Would that absence block the team? What could we do to remove some uncertainty? Can we get some ideas from Chaos Engineering and apply them to a team?

The idea is to find a way to observe when limitations arise in a team and understand where we can optimize.

Here are some simple metrics you can have, but of course, it varies based on each organization:

Can the team groom a feature?
Can the team deploy a feature?
If specialization is missing, can the team find a way to bypass that?
Are the initial milestones on track?
Is team morale high?
What are the main areas the team struggled with?
Can the team self-organize and communicate with the stakeholders if leadership is absent?

The Organic Way

There is an easy and organic way to observe and draw some conclusions without changing anything in your team.

Try to observe when someone has Paid Time Off or, for some reason, cannot contribute to the problem at hand. Is there sufficient documentation? Do you have a bus factor one? Having one person less, will reduce the capacity of a team, but is it in the danger zone?

Note down the observations, share them with the team and create action items.

The More Creative Way

Create the circumstances that will create some “planned turbulence” for the team.

Once a quarter, throw all the team’s names in a randomizer, and the winner gets one or two weeks of having to work on a project they choose or join another team. During that time, they should not interact with the rest of the team.

There are no secrets or sketchy areas here.
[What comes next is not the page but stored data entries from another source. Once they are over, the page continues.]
lemma lcd_mod_iff_coprime_generators:
  fixes p :: "'a::field poly"
  assumes "prime_elem p" "\<not> p dvd g11" "\<not> p dvd g22"
  shows "lcd_mod m g11 g12 g22 p \<longleftrightarrow> \<not> p dvd subst_inv_x m g11 \<and> \<not> p dvd subst_inv_x m g22"
proof
  let ?J = "subst_inv_x m"
  have not_dvd_g11_g22: "\<not> p dvd g11 * g22" using assms by (simp add: prime_elem_dvd_mult_iff)
  assume lcd: "lcd_mod m g11 g12 g22 p"
  show "\<not> p dvd ?J g11 \<and> \<not> p dvd ?J g22"
  proof (intro conjI notI)
    assume "p dvd ?J g11"
    then show False
      using lcd_modD(1)[OF lcd, of g22 "- g12"] not_dvd_g11_g22 by (simp add: mult.commute)
  next
    assume J22: "p dvd ?J g22"
    show False
    proof (cases "p dvd ?J g11 \<and> p dvd ?J g12")
      case True
      then show False using lcd_modD(1)[OF lcd, of 1 0] J22 assms(2) by simp
    next
      case False
      \<comment> \<open>\<open>(u, v)\<close> is a multiple of \<open>(J g\<^sub>1\<^sub>2, - J g\<^sub>1\<^sub>1)\<close>, which lies in the dual modulo \<open>p\<close>\<close>
      define a where "a = g22 * ?J g12"
      define b where "b = - (g11 * ?J g11 + g12 * ?J g12)"
      have orth: "a * g11 * ?J g11 + (a * g12 + b * g22) * ?J g12 = 0"
        and v: "a * g12 + b * g22 = - (g11 * g22 * ?J g11)"
        by (simp_all add: a_def b_def algebra_simps)
      have R1: "p dvd a * g11 * ?J g11 + (a * g12 + b * g22) * ?J g12" unfolding orth by simp
      have R2: "p dvd (a * g12 + b * g22) * ?J g22" using J22 by simp
      have "p dvd g11 * g22 * ?J g12"
        using lcd_modD(1)[OF lcd R1 R2] by (simp add: a_def ac_simps)
      moreover have "p dvd g11 * g22 * ?J g11"
        using lcd_modD(2)[OF lcd R1 R2] by (simp add: v)
      ultimately show False
        using False not_dvd_g11_g22 assms(1) by (auto simp: prime_elem_dvd_mult_iff)
    qed
  qed
next
  assume J: "\<not> p dvd subst_inv_x m g11 \<and> \<not> p dvd subst_inv_x m g22"
  show "lcd_mod m g11 g12 g22 p"
    unfolding lcd_mod_def
  proof (intro allI impI)
    fix a b
    let ?v = "a * g12 + b * g22"
    assume rel: "p dvd a * g11 * subst_inv_x m g11 + ?v * subst_inv_x m g12 \<and>
      p dvd ?v * subst_inv_x m g22"
    then have "p dvd ?v" using J assms(1) by (auto simp: prime_elem_dvd_mult_iff)
    then have "p dvd a * g11 * subst_inv_x m g11"
      using rel dvd_add_left_iff dvd_mult2 by blast
    then show "p dvd a * g11 \<and> p dvd ?v"
      using J assms(1) \<open>p dvd ?v\<close> by (auto simp: prime_elem_dvd_mult_iff)
  qed
qed

section \<open>Prime factors of \<open>x^m - 1\<close> and reciprocals\<close>

lemma dvd_reflect_poly_iff:
  fixes f y :: "'a::field poly"
  assumes "coeff f 0 \<noteq> 0"
  shows "f dvd reflect_poly y \<longleftrightarrow> reflect_poly f dvd y"
proof
  assume "f dvd reflect_poly y"
  then show "reflect_poly f dvd y"
  proof (induction y)
    case (pCons a p)
    show ?case
    proof (cases "a = 0")
      case False
      then have "reflect_poly f dvd reflect_poly (reflect_poly (pCons a p))"
        using pCons.prems by (metis dvd_def reflect_poly_mult)
      with False show ?thesis by simp
    next
      case True
      then have "pCons a p = [:0, 1:] * p" by simp
      moreover have "reflect_poly [:0, 1::'a:] = 1" by (simp add: reflect_poly_def)
      then have "reflect_poly ([:0, 1:] * p) = reflect_poly p"
        by (simp only: reflect_poly_mult mult_1)
      ultimately have "reflect_poly f dvd p" using pCons by simp
      then show ?thesis using \<open>pCons a p = [:0, 1:] * p\<close> by (metis dvd_mult)
    qed
  qed simp
next
  assume "reflect_poly f dvd y"
  then obtain k where "y = reflect_poly f * k" by blast
  then have "reflect_poly y = f * reflect_poly k" using assms by (simp add: reflect_poly_mult)
  then show "f dvd reflect_poly y" by simp
qed

lemma prime_elem_reflect_poly:
  fixes f :: "'a::field poly"
  assumes "prime_elem f" "coeff f 0 \<noteq> 0"
  shows "prime_elem (reflect_poly f)"
proof -
  have "f \<noteq> 0" "\<not> is_unit f" using assms(1) prime_elem_not_unit by auto
  then have "\<not> is_unit (reflect_poly f)" "reflect_poly f \<noteq> 0"
    using assms(2) by (auto simp: is_unit_iff_degree)
  moreover have "reflect_poly f dvd a \<or> reflect_poly f dvd b" if "reflect_poly f dvd a * b" for a b
  proof -
    have "f dvd reflect_poly a * reflect_poly b"
      using that dvd_reflect_poly_iff[OF assms(2), of "a * b"] by (simp add: reflect_poly_mult)
    then show ?thesis
      using assms(1) dvd_reflect_poly_iff[OF assms(2)] by (auto simp: prime_elem_dvd_mult_iff)
  qed
  ultimately show ?thesis by (auto simp: prime_elem_def)
qed

lemma reflect_xm1: "m \<ge> 1 \<Longrightarrow> reflect_poly (xm1 m :: 'a::field poly) = - xm1 m"
  by (rule poly_eqI) (auto simp: coeff_reflect_poly degree_xm1 coeff_xm1)

lemma xm1_eq_monom_mult_minus_1:
  "m \<ge> 1 \<Longrightarrow> xm1 m = [:0, 1::'a::field:] * monom 1 (m - 1) - 1"
  by (cases m) (simp_all add: xm1_def monom_Suc)

lemma prime_factor_xm1_not_dvd_monom:
  fixes f :: "'a::field poly"
  assumes "prime_elem f" "f dvd xm1 m" "m \<ge> 1"
  shows "\<not> f dvd monom 1 k"
proof
  assume "f dvd monom 1 k"
  then have "f dvd [:0, 1:]"
    using assms(1) prime_elem_dvd_power by (auto simp: monom_altdef)
  then have "f dvd [:0, 1:] * monom 1 (m - 1)" by (rule dvd_mult2)
  then have "f dvd xm1 m + 1"
    using assms(3) by (simp add: xm1_eq_monom_mult_minus_1)
  then have "f dvd 1" using assms(2) by (simp add: dvd_add_right_iff)
  then show False using assms(1) prime_elem_not_unit by blast
qed

lemma prime_factor_xm1_coeff_0:
  fixes f :: "'a::field poly"
  assumes "f dvd xm1 m" "m \<ge> 1"
  shows "coeff f 0 \<noteq> 0"
proof
  assume "coeff f 0 = 0"
  then have "[:0, 1:] dvd f" by (simp add: dvd_iff_poly_eq_0 poly_0_coeff_0)
  then have "poly (xm1 m) 0 = (0::'a)"
    using assms(1) dvd_trans by (auto simp: dvd_iff_poly_eq_0)
  then show False using assms(2) by (simp add: poly_0_coeff_0 coeff_xm1)
qed

lemma prime_factor_xm1_reflect_poly:
  fixes f :: "'a::field poly"
  assumes "prime_elem f" "f dvd xm1 m" "m \<ge> 1"
  shows "prime_elem (reflect_poly f)" "reflect_poly f dvd xm1 m"
proof -
  have "coeff f 0 \<noteq> 0" using assms(2,3) by (rule prime_factor_xm1_coeff_0)
  then show "prime_elem (reflect_poly f)" by (rule prime_elem_reflect_poly[OF assms(1)])
  have "f dvd reflect_poly (xm1 m)" using assms(2,3) by (simp add: reflect_xm1)
  then show "reflect_poly f dvd xm1 m"
    using dvd_reflect_poly_iff[OF \<open>coeff f 0 \<noteq> 0\<close>] by blast
qed

lemma prime_factor_xm1_dvd_subst_inv_x_iff:
  fixes f :: "'a::field_gcd poly"
  assumes "prime_elem f" "f dvd xm1 m" "m \<ge> 1"
  shows "f dvd subst_inv_x m y \<longleftrightarrow> reflect_poly f dvd y"
proof -
  have "coprime f (monom 1 (degree y))"
    by (rule prime_elem_imp_coprime[OF assms(1) prime_factor_xm1_not_dvd_monom[OF assms]])
  then have "f dvd subst_inv_x m y \<longleftrightarrow> f dvd subst_inv_x m y * monom 1 (degree y)"
    by (rule coprime_dvd_mult_left_iff[symmetric])
  also have "\<dots> \<longleftrightarrow> f dvd reflect_poly y"
    using subst_inv_x_mult_monom_cong_reflect[OF assms(3)] assms(2)
    by (intro cong_dvd_iff) (rule cong_dvd_modulus)
  also have "\<dots> \<longleftrightarrow> reflect_poly f dvd y"
    using assms(2,3) by (intro dvd_reflect_poly_iff prime_factor_xm1_coeff_0)
  finally show ?thesis .
qed

lemma squarefree_xm1:
  assumes "coprime (card (UNIV :: 'a::{field_gcd,finite} set)) m" "m \<ge> 1"
  shows "squarefree (xm1 m :: 'a poly)"
proof -
  have "(of_nat m :: 'a) \<noteq> 0"
  proof
    assume "(of_nat m :: 'a) = 0"
    then have "CHAR('a) dvd m" by (simp add: of_nat_eq_0_iff_char_dvd)
    then have "CHAR('a) dvd 1" using assms(1) CHAR_dvd_CARD by (metis coprime_common_divisor)
    then show False by simp
  qed
  have "\<not> p ^ 2 dvd xm1 m" if "prime p" for p :: "'a poly"
  proof
    assume "p ^ 2 dvd xm1 m"
    then obtain k where k: "xm1 m = p * p * k" by (auto simp: power2_eq_square)
    \<comment> \<open>a repeated factor of \<open>x^m - 1\<close> divides its derivative \<open>m x^(m-1)\<close>\<close>
    have "pderiv (xm1 m) = p * (p * pderiv k + 2 * k * pderiv p)"
      unfolding k by (simp add: pderiv_mult algebra_simps)
    moreover have "pderiv (xm1 m :: 'a poly) = smult (of_nat m) (monom 1 (m - 1))"
      by (simp add: xm1_def pderiv_diff pderiv_monom smult_monom)
    ultimately have "p dvd smult (of_nat m) (monom 1 (m - 1))" by simp
    then have "p dvd monom 1 (m - 1)" using \<open>of_nat m \<noteq> 0\<close> by (simp add: dvd_smult_iff)
    moreover have "p dvd xm1 m" using k by simp
    ultimately show False
      using prime_factor_xm1_not_dvd_monom that assms(2) by blast
  qed
  then show ?thesis by (auto simp: squarefree_factorial_semiring[OF xm1_nonzero[OF assms(2)]])
qed

lemma self_reciprocal_iff_dvd_reflect_poly:
  fixes s :: "'a::field poly"
  assumes "s \<noteq> 0"
  shows "self_reciprocal s \<longleftrightarrow> s dvd reflect_poly s"
proof
  assume "s dvd reflect_poly s"
  then obtain k where k: "reflect_poly s = s * k" by blast
  then have "k \<noteq> 0" using assms by auto
  then have "degree k = 0"
    using degree_reflect_poly_le[of s] k assms by (simp add: degree_mult_eq)
  then obtain \<alpha> where "k = [:\<alpha>:]" by (meson degree_eq_zeroE)
  then show "self_reciprocal s" using k assms by (auto simp: self_reciprocal_def)
qed (auto simp: self_reciprocal_def dvd_smult)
The team should know the goals and the metrics.

Final Notes

Please remember that this is not a way to calculate individual impact, create mayhem or stress your team. It’s one more tool to create the circumstances for a team to observe and improve. Low impact initiatives might also be a good start.

Keep your team in the loop if you want to try this out. If they don’t feel comfortable, abort.

I would consider this suitable for an environment with a great culture. You need safety and team maturity. This is a next-level approach. You wouldn’t try Chaos Engineering for your system if you didn’t have a good system in place first, would you?

And one last thing, in case this wasn’t clear. You can apply this to any kind of team, not just Engineering teams.

Happy experimenting!